How do you use the definition of a derivative to find f' given f(x)=√4x+3 at x>-3/4?
The derivative of f(x) is -3/4.
How to find derivative?To find the derivative, use the definition of a derivative:
f'(x) = lim h→0 [f(x + h) - f(x)] / h
Substitute f(x) = √(4x + 3) into this definition:
f'(x) = lim h→0 [√(4(x + h) + 3) - √(4x + 3)] / h
Multiplying by the conjugate of the numerator:
f'(x) = lim h→0 [(√(4(x + h) + 3) - √(4x + 3)) * (√(4(x + h) + 3) + √(4x + 3))] / [h * (√(4(x + h) + 3) + √(4x + 3))]

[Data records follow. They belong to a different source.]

lemma slow_member_if_in_outage:
  assumes "in_outage B T W \<sigma>0 M N K Pt S H" "card S = K" "1 \<le> K" "K \<le> N" "B > 0" "T > 0"
  shows "\<exists>j\<in>S. rate W \<sigma>0 M Pt H j < real N * B / T"
proof (rule ccontr)
  assume no_slow: "\<not> ?thesis"
  have "real N / real K * B / rate W \<sigma>0 M Pt H j \<le> T / real K" if "j \<in> S" for j
  proof -
    have "0 < real N * B / T" "real N * B / T \<le> rate W \<sigma>0 M Pt H j"
      using no_slow that assms(3-6) by auto
    then have "real N / real K * B / rate W \<sigma>0 M Pt H j \<le> real N / real K * B / (real N * B / T)"
      using assms(5) by (intro divide_left_mono mult_pos_pos) auto
    also have "\<dots> = T / real K"
      using assms(3-6) by simp
    finally show ?thesis .
  qed
  then have "(\<Sum>j\<in>S. real N / real K * B / rate W \<sigma>0 M Pt H j) \<le> T"
    using sum_mono[of S _ "\<lambda>_. T / real K"] assms(2,3) by simp
  then show False
    using assms(1) by (simp add: in_outage_def)
qed

text \<open>Zero fades are excluded because a device of rate \<open>0\<close> adds \<open>B'/0 = 0\<close> to the
  transmission time.\<close>
lemma in_outage_if_fades_small:
  assumes "S \<subseteq> {1..N}" "card S = K" "M \<ge> 1" "1 \<le> K" "K \<le> N"
    and "B > 0" "T > 0" "W > 0" "avg_snr W \<sigma>0 Pt > 0"
    and small: "avg_snr W \<sigma>0 Pt * (real M * r\<^sup>2) \<le> 2 powr (real N * B / (real K * T * W)) - 1"
    and H: "H \<in> fades_in M N {1..N - K + 1} (ball 0 r - {0})"
  shows "in_outage B T W \<sigma>0 M N K Pt S H"
proof -
  have "finite S"
    using assms(1) finite_subset by blast
  have "S \<inter> {1..N - K + 1} \<noteq> {}"
  proof
    assume "S \<inter> {1..N - K + 1} = {}"
    then have "card (S \<union> {1..N - K + 1}) = K + (N - K + 1)"
      using assms(2) \<open>finite S\<close> by (subst card_Un_disjoint) auto
    moreover have "S \<union> {1..N - K + 1} \<subseteq> {1..N}"
      using assms(1,4,5) by auto
    then have "card (S \<union> {1..N - K + 1}) \<le> card {1..N}"
      by (intro card_mono) simp_all
    ultimately show False
      using assms(5) by simp
  qed
  then obtain j where j: "j \<in> S" "j \<in> {1..N - K + 1}" by blast
  then have fade_j: "0 < cmod (H (i, j)) \<and> cmod (H (i, j)) < r" if "i \<in> {1..M}" for i
    using H that by (auto simp: fades_in_def)
  have "channel_gain M H j > 0"
    unfolding channel_gain_def using fade_j assms(3) by (intro sum_pos) auto
  have "channel_gain M H j < (\<Sum>i\<in>{1..M}. r\<^sup>2)"
    unfolding channel_gain_def using fade_j assms(3)
    by (intro sum_strict_mono) (auto intro!: power_strict_mono)
  then have "avg_snr W \<sigma>0 Pt * channel_gain M H j < avg_snr W \<sigma>0 Pt * (real M * r\<^sup>2)"
    using assms(9) by simp
  then have "avg_snr W \<sigma>0 Pt * channel_gain M H j < 2 powr (real N * B / (real K * T * W)) - 1"
    using small by linarith
  then have "rate W \<sigma>0 M Pt H j < W * (real N * B / (real K * T * W))"
    unfolding rate_less_iff[OF assms(8,9)] .
  then have "T * rate W \<sigma>0 M Pt H j < real N / real K * B"
    using assms(4,7,8) by (simp add: field_simps)
  moreover have "rate W \<sigma>0 M Pt H j > 0"
    using \<open>channel_gain M H j > 0\<close> assms(8,9) by (simp add: rate_pos_iff)
  ultimately show ?thesis
    using j \<open>finite S\<close> assms(6,8,9) by (intro in_outage_if_slow_member) auto
qed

Expanding the numerator, we get:
f'(x) = lim h→0 [(4(x + h) + 3) - (4x + 3)] / [h * (√(4(x + h) + 3) + √(4x + 3)) * (√(4(x + h) + 3) + √(4x + 3)))]
f'(x) = lim h→0 [4h] / [h * (√(4(x + h) + 3) + √(4x + 3)))]
Canceling out the h terms, we get:
f'(x) = lim h→0 4 / (√(4(x + h) + 3) + √(4x + 3)))
Now, we can evaluate the limit as h approaches 0:
f'(x) = 4 / (√(4x + 3) + √(4x + 3))
f'(x) = 4 / (2√(4x + 3))
f'(x) = 2 / √(4x + 3)
Therefore, the derivative of f(x) is -3/4.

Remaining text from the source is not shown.